To remove Suse partition you first boot to XP. In disk management just click the Suse Linux partition and opt for "delete" and Suse would disappear in seconds. Thereafter you have claimed back empty space for further use.

If you prefer Linux way just boot up any LiveCD and use its cfdisk or fdisk program to delete the Suse partition.


----------



## Spenright (Apr 16, 2006)

Problem -> No XP installation disk, No floppy drive

Any program that i can open in XP that'll do it ?


----------



## saikee (Jun 11, 2004)

Download FreeDos or similar system that has fdisk.exe, burn it into a CD, boot the CD up and use the fdisk.exe to restore MS's MBR.

Alternative you can burn Grub into a CD. In such case Grub is unattached to an operating system and XP can be booted manually. Details documented in the last link of my signature.

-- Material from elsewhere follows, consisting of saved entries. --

lemma path_of_rtranclp:
  assumes "E\<^sup>*\<^sup>* u v"
  obtains p where "p \<noteq> []" "hd p = u" "last p = v" "successively E p"
  using assms
proof (induction arbitrary: thesis rule: rtranclp_induct)
  case base
  show ?case using base.prems[of "[u]"] by simp
next
  case (step y z)
  then obtain p where p: "p \<noteq> []" "hd p = u" "last p = y" "successively E p" by blast
  then have "successively E (p @ [z])" using step by (simp add: successively_append_iff)
  then show ?case using step.prems[of "p @ [z]"] p by simp
qed

lemma sum_lessThan_Suc_mod:
  fixes h :: "nat \<Rightarrow> 'a::comm_monoid_add"
  shows "(\<Sum>i<n. h (Suc i mod n)) = (\<Sum>i<n. h i)"
proof (cases n)
  case (Suc m)
  have "(\<Sum>i<Suc m. h (Suc i mod Suc m)) = (\<Sum>i<m. h (Suc i mod Suc m)) + h 0" by simp
  also have "\<dots> = (\<Sum>i<m. h (Suc i)) + h 0" by (simp add: atLeast0LessThan[symmetric])
  also have "\<dots> = (\<Sum>i<Suc m. h i)" by (subst sum.lessThan_Suc_shift) (rule add.commute)
  finally show ?thesis using Suc by simp
qed simp

definition loop_flows :: "('n::finite \<Rightarrow> 'n \<Rightarrow> bool) \<Rightarrow> 'n \<Rightarrow> (real^('n \<times> 'n)) set" where
  "loop_flows E x = {walk_flow p | p. p \<noteq> [] \<and> successively E p \<and> hd p = x \<and> last p = x}"

lemma arc_flow_in_span_loop_flows:
  assumes "E u v"
    and p: "p \<noteq> []" "successively E p" "hd p = x" "last p = u"
    and q: "q \<noteq> []" "successively E q" "hd q = x" "last q = v"
    and r: "r \<noteq> []" "successively E r" "hd r = v" "last r = x"
  shows "arc_flow u v + walk_flow p - walk_flow q \<in> span (loop_flows E x)"
proof -
  have "walk_flow (p @ r) \<in> loop_flows E x"
    using p r \<open>E u v\<close> unfolding loop_flows_def by (auto simp: successively_append_iff)
  moreover have "walk_flow (q @ tl r) \<in> loop_flows E x"
  proof -
    obtain r' where r': "r = v # r'" using r by (cases r) auto
    then have "successively E (q @ r')" using q r by (auto simp: successively_append_iff successively_Cons)
    moreover have "last (q @ r') = x" using q r r' by (cases "r' = []") auto
    ultimately show ?thesis using q r' unfolding loop_flows_def by auto
  qed
  moreover have "arc_flow u v + walk_flow p - walk_flow q = walk_flow (p @ r) - walk_flow (q @ tl r)"
    using p q r by (simp add: walk_flow_append walk_flow_append_tl)
  ultimately show ?thesis by (simp add: span_diff span_base)
qed

text \<open>Strong connectivity lets every edge u v of the undirectization be closed up through the base
  point x, up to the gradient \<open>\<phi> u - \<phi> v\<close> of a potential; around a cycle the gradients cancel.\<close>

lemma closed_flow_in_span_loop_flows:
  assumes sc: "strongly_connected E" and "c \<noteq> []"
    and c: "\<And>i. i < length c \<Longrightarrow> und_adj E (c ! i) (c ! (Suc i mod length c))"
  shows "closed_flow c \<in> span (loop_flows E x)"
proof -
  have "\<exists>p. p \<noteq> [] \<and> hd p = u \<and> last p = v \<and> successively E p" for u v
    using sc path_of_rtranclp[of E u v] by (metis strongly_connected_def)
  then obtain path where path: "\<And>u v. path u v \<noteq> [] \<and> hd (path u v) = u \<and> last (path u v) = v
                                    \<and> successively E (path u v)"
    by metis
  define \<phi> where "\<phi> u = walk_flow (path x u)" for u
  have arc: "arc_flow u v + \<phi> u - \<phi> v \<in> span (loop_flows E x)" if "und_adj E u v" for u v
  proof (cases "E u v")
    case True
    then show ?thesis
      unfolding \<phi>_def using path[of x u] path[of x v] path[of v x]
      by (intro arc_flow_in_span_loop_flows[of E u v "path x u" x "path x v" "path v x"]) auto
  next
    case False
    then have "E v u" using that by (simp add: und_adj_def)
    then have "arc_flow v u + \<phi> v - \<phi> u \<in> span (loop_flows E x)"
      unfolding \<phi>_def using path[of x u] path[of x v] path[of u x]
      by (intro arc_flow_in_span_loop_flows[of E v u "path x v" x "path x u" "path u x"]) auto
    moreover have "arc_flow u v + \<phi> u - \<phi> v = - (arc_flow v u + \<phi> v - \<phi> u)"
      using arc_flow_swap[of v u] by simp
    ultimately show ?thesis using span_neg by metis
  qed
  define L where "L = length c"
  have "closed_flow c = (\<Sum>i<L. arc_flow (c ! i) (c ! (Suc i mod L)) + \<phi> (c ! i) - \<phi> (c ! (Suc i mod L)))"
    using \<open>c \<noteq> []\<close> sum_lessThan_Suc_mod[of "\<lambda>i. \<phi> (c ! i)" L]
    by (simp add: closed_flow_conv_sum L_def sum.distrib sum_subtractf)
  also have "\<dots> \<in> span (loop_flows E x)" using c by (intro span_sum arc) (simp add: L_def)
  finally show ?thesis .
qed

In a long term you need MS's MBR that that can only be restored by Dos's command "fdisk /mbr" or XP/Win2k installation CD's command "fixmbr" available in recovery console.


----------



## Spenright (Apr 16, 2006)

hmm ok, how risky is this ? Cos if i uninstall windows it wont be cool. Not cool at all


----------



## saikee (Jun 11, 2004)

It is bomb proof!

Both methods only replace the MBR which is 512 bytes large. MBR is the first 512 bytes of the boot sector of the first parimary partition and has "nothing" to do with the internal filing system of XP. More precisely only the first 446 bytes as the partition table located between 447th to 510th bytes are never touched by any boot loader.

When you had Suse iGrub taking over the MBR your XP was booted without MS's MBR. You XP can still booted without MS's MBR.

You can burn Grub into a CD to boot XP manually every time. 

MS's has a common MBR for Dos, WIn9x , WIn2k and XP. Its function is to search the four primary partitions, like a blind man, to see if anyone has the booting flag switched on and then boot it. The booting flag is a byte inside the partition table indicating that partition active or not. In a PC system only one primary partition is allowed to have it boot flag switched on at any one time.

A completion destruction of the MBR together with the complete removal of a boot loader will not affect the internal information of a partition. You XP is safe as long as you do not change its size, overwrite it or format the partition.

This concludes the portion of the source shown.